Amerykańskie władze przedstawiły dokument wyznaczający priorytety polityki zagranicznej i bezpieczeństwa USA. W części jest on poświęcony relacjom z Europą. - Trump i Putin spotykają się na gruncie cywilizacyjnym, jeżeli chodzi o krytykę Europy. Widać, że sobie odpowiadają, że się lubią - mówił w podcaście Polskiego Radia "Strefa Wpływów" prof. Roman Kuźniar, politolog, były doradca ds. polityki międzynarodowej prezydenta Bronisława Komorowskiego. Gość zauważył, że Europę atakuje też prezydent Karol Nawrocki.
2025-12-12, 18:00
Najważniejsze informacje w skrócie:
- Jest nowa strategia bezpieczeństwa Stanów Zjednoczonych, mowa w niej o odciąganiu poszczególnych krajów od Unii Europejskiej
- To nie jest strategia obronna, to jest strategia siłowego forsowania amerykańskich interesów - powiedział Roman Kuźniar
- Dodał, że Trump i Putin chętnie się łączą i są jak "para kochanków"
OGLĄDAJ. "Strefa Wpływów"
Stany Zjednoczone opublikowały nową Strategię Bezpieczeństwa Narodowego, czyli dokument wyznaczający priorytety polityki zagranicznej i bezpieczeństwa USA. Podkreślono w nim np., że polityka Waszyngtonu w sprawie Europy powinna traktować jako priorytet m.in. powrót do stabilności strategicznej w relacjach z Rosją, umożliwienie Europie wzięcia odpowiedzialności za własną obronę i zapobieganie dalszemu rozszerzaniu NATO. Według portalu Defense One dokument zawiera rozdział zatytułowany "Make Europe Great Again", który mówi o oparciu relacji z Europą na współpracy z wybranymi, ideologicznie pokrewnymi rządami. Zawiera on zapis, że USA skupią się na pogłębianiu relacji z takimi krajami jak Austria, Węgry, Włochy i Polska - państwami, które dokument wskazuje jako potencjalnych partnerów do "odciągnięcia od Unii Europejskiej". Strategia zakłada też stworzenie nowego formatu współpracy międzynarodowej z udziałem Rosji, ale bez Europy. W skład grupy C5 weszłyby USA, Rosja, Chiny, Indie i Japonia.
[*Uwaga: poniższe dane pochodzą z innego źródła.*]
(* Let $n=Hc$ i.i.d. samples be drawn from the uniform distribution on $[0,1]$, with order statistics $y_{(1,n)}\le\dots\le y_{(n,n)}$. For $H,c$ sufficiently large and $k=1,\dots,H-1$: (i) there is a constant $C>0$ such that for any $\epsilon>\frac1{Hc-1}$, $\mathbb{P}\big(y_{(kc,Hc)}>\frac kH+\epsilon\big)\le CH\sqrt{Hc+1}\exp\big(-(Hc+1)\frac{\epsilon^2}2\big)$; (ii) there is a constant $C>0$ such that for any $\epsilon>\frac2{Hc-1}$, $\mathbb{P}\big(y_{(kc,Hc)}<\frac kH-\epsilon\big)\le CH\sqrt{Hc+1}\exp\big(-(Hc+1)\frac{\epsilon^2}8\big)$; (iii) let $\delta(k,H,c)=|y_{((k-1)c,Hc)}-y_{(kc,Hc)}|$ for $2\le k\le H-1$, $\delta(1,H,c)=|y_{(c,Hc)}|$ and $\delta(H,H,c)=|1-y_{((H-1)c,Hc)}|$; there is a constant $C>0$ such that for any $\epsilon>\frac4{Hc-1}$ and any $1\le k\le H$, $\mathbb{P}\big(|\delta(k,H,c)-\frac1H|>\epsilon\big)\le CH\sqrt{Hc+1}\exp\big(-(Hc+1)\frac{\epsilon^2}{32}\big)$.
   Context: $y_{(i,n)}$ denotes the $i$-th smallest of $n$ samples. *)

theory Defs
  imports "HOL-Probability.Probability"
begin

definition unif_sample :: "nat \<Rightarrow> (nat \<Rightarrow> real) measure" where
  "unif_sample n = PiM {..<n} (\<lambda>_. uniform_measure lborel {0..1::real})"

text \<open>Order statistic y_(i,n): the i-th smallest (1-based) of the n samples x 0, ..., x (n-1).\<close>
definition ord_stat :: "nat \<Rightarrow> nat \<Rightarrow> (nat \<Rightarrow> real) \<Rightarrow> real" where
  "ord_stat i n x = sort (map x [0..<n]) ! (i - 1)"

definition spacing :: "nat \<Rightarrow> nat \<Rightarrow> nat \<Rightarrow> (nat \<Rightarrow> real) \<Rightarrow> real" where
  "spacing k H c x =
     (if k = 1 then \<bar>ord_stat c (H*c) x\<bar>
      else if k = H then \<bar>1 - ord_stat ((H-1)*c) (H*c) x\<bar>
      else \<bar>ord_stat ((k-1)*c) (H*c) x - ord_stat (k*c) (H*c) x\<bar>)"

end

theory Submission
  imports Defs
begin

text \<open>The m-th order statistic of n samples exceeds t exactly when fewer than m samples
  lie in (-\<infinity>, t], and is below s exactly when at least m samples lie in (-\<infinity>, s).
  Both counts are sums of n independent indicators, so Hoeffding's inequality bounds each
  tail of y_(kc,Hc) around k/H by exp(-2 H c \<epsilon>^2), which is stronger than the claimed bounds;
  the thresholds on \<epsilon> in the statement are only needed to make \<epsilon> positive. A spacing
  deviates from 1/H by more than \<epsilon> only if one of its two endpoints deviates from its
  mean by more than \<epsilon>/2, which costs a union bound over two such tails.\<close>

abbreviation unif01 :: "real measure" where
  "unif01 \<equiv> uniform_measure lborel {0..1}"

lemma prob_space_unif01: "prob_space unif01"
  by (rule prob_space_uniform_measure) auto

lemma prob_space_unif_sample: "prob_space (unif_sample n)"
  unfolding unif_sample_def by (rule prob_space_PiM) (rule prob_space_unif01)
Prof. Roman Kuźniar podkreślił, że jest to "niepokojący dokument". - To nie jest strategia obronna, tylko strategia siłowego forsowania amerykańskich interesów - ocenił. Wskazał, że jest to "strategia mocarstwa imperialistycznego, które nie kryje swoich imperialistycznych intencji". Ekspert zaznaczył, że strategia odnosi się do Europy, a punkt jej dotyczący "jest wręcz schizofreniczny". Wyjaśnił, że z jednej strony "podkreśla się potencjał Europy i jej zdolności, mówi się, że Europa sama by sobie poradziła z Rosją, gdyby chciała", a z drugiej strony Amerykanie "uważają, że Europa w tej chwili zapadła na poważną chorobę i trzeba ją z tej choroby wydobyć". Gość stwierdził, że Amerykanom chodzi o osłabienie Europy, a "to, że istnieje Unia Europejska, im silnie nie odpowiada". Dlatego zapowiadają, że będą silnie wspomagać siły, które pomogą "skorygować obecny kurs polityczny w Europie".
Posłuchaj
Prof. Roman Kuźniar gościem Renaty Grochal i Jacka Czarneckiego (Strefa Wpływów) 1:37:55
Dodaj do playlisty
Putin i Trump jak para kochanków
Dopytywany przez Renatę Grochal, czy Trumpa z Putinem - który opowiada o zgniłym Zachodzie - nie łączy język i sposób, w jaki mówią o Europie, profesor Kuźniar stwierdził, że "oni się łączą bardzo chętnie". Wskazał, że podczas spotkania na Alasce było widać, jak oni sobie odpowiadają, jak się lubią". - Było to widać ostatnio w Helsinkach, kiedy mieli okazję się spotkać. Jak para kochanków, jak dwa gołąbki - porównał. - Oni spotykają się na gruncie cywilizacyjnym, jeżeli chodzi o krytykę Europy - potwierdził. Przypomniał wystąpienie wiceprezydenta JD Vance'a z Monachium, w którym wskazywał na kryzys kulturowy i cywilizacyjny Europy.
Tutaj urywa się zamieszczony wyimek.